Two industry-funded studies have finally provided sound evidence that vastly popular pesticides called neonicotinoids are horrible for the pollinators that keep our food production system running.
We've suspected for a while that these pesticides might be affecting bees, but it's a tricky subject to study in the lab, where bees might be given unrealistically high doses of pesticide. Now scientists have conducted the largest-ever field trials in Europe and Canada, and the news is bad.
Neonicotinoids are the most widely used class of insecticides in the world. They are chemically similar to nicotine, the compound that plants in the nightshade family have evolved to protect themselves from pests.
Invented in the 1980s, neonicotinoids quickly became a popular crop treatment because they are systemic, which means they circulate through the whole plant and kill bugs as soon as they feast on the crop. And because they linger in the plant's system, one application — sometimes just on the seeds — can be plenty to offer long-term protection.
But these attractive properties for farmers are what makes neonicotinoids such a concern for bee welfare, because a systemic insecticide easily makes its way to the nectar and pollen of a flowering plant.
To measure this potential harm, a team of European researchers established 33 sites growing rapeseed in Germany, Hungary, and the UK. These were randomly assigned to either be treated with one of two choice nicotinoids, or none at all.
The team looked at honeybees and two wild bee species — bumblebees and solitary bees. Results differed between locations and species, but overall they discovered that honeybee hives were less likely to survive over winter, while the wild bees reproduced less.
It's not that the pesticides directly kill bees, the scientists note. Instead, it appears that low-level exposure makes them more vulnerable, especially if there are other environmental factors or diseases already affecting the hive.
"Neonicotinoid applications are thus a kind of reproductive roulette for bees," biodiversity researcher Jeremy Kerr notes in a related perspectives article in Science.
The huge study was actually largely funded by the pesticide industry itself. The companies Bayer Crop Science and Syngenta put up US$3 million for the trial, and both have panned the scientists' conclusions that it would be better to restrict neonicotinoid use.
But these are important results nonetheless, and are likely to inform the European Union's upcoming decision on a potential blanket ban of these pesticides. A temporary ban has already been in place since 2013.
"Our results suggest that even if their use were to be restricted, as in the recent EU moratorium, continued exposure to neonicotinoid residues resulting from their previous widespread use has the potential to impact negatively wild bee persistence in agricultural landscapes," the researchers write in the study.
And that's not even all.
Another field study by researchers in Canada was published in the same issue of Science, also showing negative effects on bees.
The team studied honey bees that either lived close to neonicotinoid-treated corn fields, or far away from agriculture. The results suggested that chronically exposed bees had lower life expectancies and poorer hygiene conditions in the hive.
Additionally, they also discovered that bees collected pollen tainted with the pesticides, but this pollen didn't even come from the treated crops themselves.

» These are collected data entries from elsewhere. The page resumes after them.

(* Let $L^n_{\mathbb{C}}$ be the set of all $A\in M_n(\mathbb{C})$ such that the Schur map $S_A(B)=A\circ B$ on $M_n(\mathbb{C})$ is nonzero and multiplicative, regarded as a group under the Schur product, and let $(L^n_{\mathbb{C}})^{+}$ be the subgroup of those $A\in L^n_{\mathbb{C}}$ that are positive matrices. Then $L^n_{\mathbb{C}}$ is a complex Lie group of complex dimension $n-1$, and $(L^n_{\mathbb{C}})^{+}$ is a compact Lie group isomorphic (as a topological group) to the $(n-1)$-torus $\mathbb{T}^{n-1}$.
   Context: $A\circ B=(a_{ij}b_{ij})$ is the entrywise product; multiplicative means $S_A(BC)=S_A(B)S_A(C)$. A positive matrix is a Hermitian matrix with nonnegative spectrum. $\mathbb{T}$ is the circle group of complex numbers of modulus one. The topology is the one inherited from $M_n(\mathbb{C})$. *)

theory Defs
  imports "HOL-Analysis.Analysis" "HOL-Algebra.Group"
begin

definition schur :: "complex^'n^'n \<Rightarrow> complex^'n^'n \<Rightarrow> complex^'n^'n" where
  "schur A B = (\<chi> i j. A $ i $ j * B $ i $ j)"

definition schur_multiplicative :: "complex^'n^'n \<Rightarrow> bool" where
  "schur_multiplicative A \<longleftrightarrow> (\<forall>B C. schur A (B ** C) = schur A B ** schur A C)"

definition Lset :: "(complex^'n^'n) set" where
  "Lset = {A. (\<exists>B. schur A B \<noteq> 0) \<and> schur_multiplicative A}"

definition positive_matrix :: "complex^'n^'n \<Rightarrow> bool" where
  "positive_matrix A \<longleftrightarrow> (\<forall>i j. A $ j $ i = cnj (A $ i $ j)) \<and>
     (\<forall>c v. v \<noteq> 0 \<and> A *v v = c *s v \<longrightarrow> c \<in> \<real> \<and> 0 \<le> Re c)"

definition Lpos :: "(complex^'n^'n) set" where
  "Lpos = {A \<in> Lset. positive_matrix A}"

definition schur_one :: "complex^'n^'n" where
  "schur_one = (\<chi> i j. 1)"

definition schur_group :: "(complex^'n^'n) monoid" where
  "schur_group = \<lparr>carrier = Lset, mult = schur, one = schur_one\<rparr>"

text \<open>(C^*)^m and T^m, as functions nat => complex supported on {..<m}
  (with the product topology, this is the usual topology of C^m).\<close>
definition Cstar_pow :: "nat \<Rightarrow> (nat \<Rightarrow> complex) set" where
  "Cstar_pow m = {x. (\<forall>i<m. x i \<noteq> 0) \<and> (\<forall>i\<ge>m. x i = 0)}"

definition torus_pow :: "nat \<Rightarrow> (nat \<Rightarrow> complex) set" where
  "torus_pow m = {x. (\<forall>i<m. norm (x i) = 1) \<and> (\<forall>i\<ge>m. x i = 0)}"

definition pmult :: "(nat \<Rightarrow> complex) \<Rightarrow> (nat \<Rightarrow> complex) \<Rightarrow> nat \<Rightarrow> complex" where
  "pmult x y = (\<lambda>i. x i * y i)"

"This indicates that neonicotinoids, which are water soluble, spill over from agricultural fields into the surrounding environment, where they are taken up by other plants that are very attractive to bees," says one of the researchers, Nadia Tsvetkov.
The work done by both teams goes a long way to demonstrate that we really are contributing to the worldwide bee decline, way more dramatically than we'd like to admit.
"It's reached a point where it's just not plausible to keep denying these things harm bees in realistic studies," bee researcher Dave Goulson from the University of Sussex told Daniel Cressey at Nature News.
"I'd say it's the final nail in the coffin."
The studies have been published in Science here and here.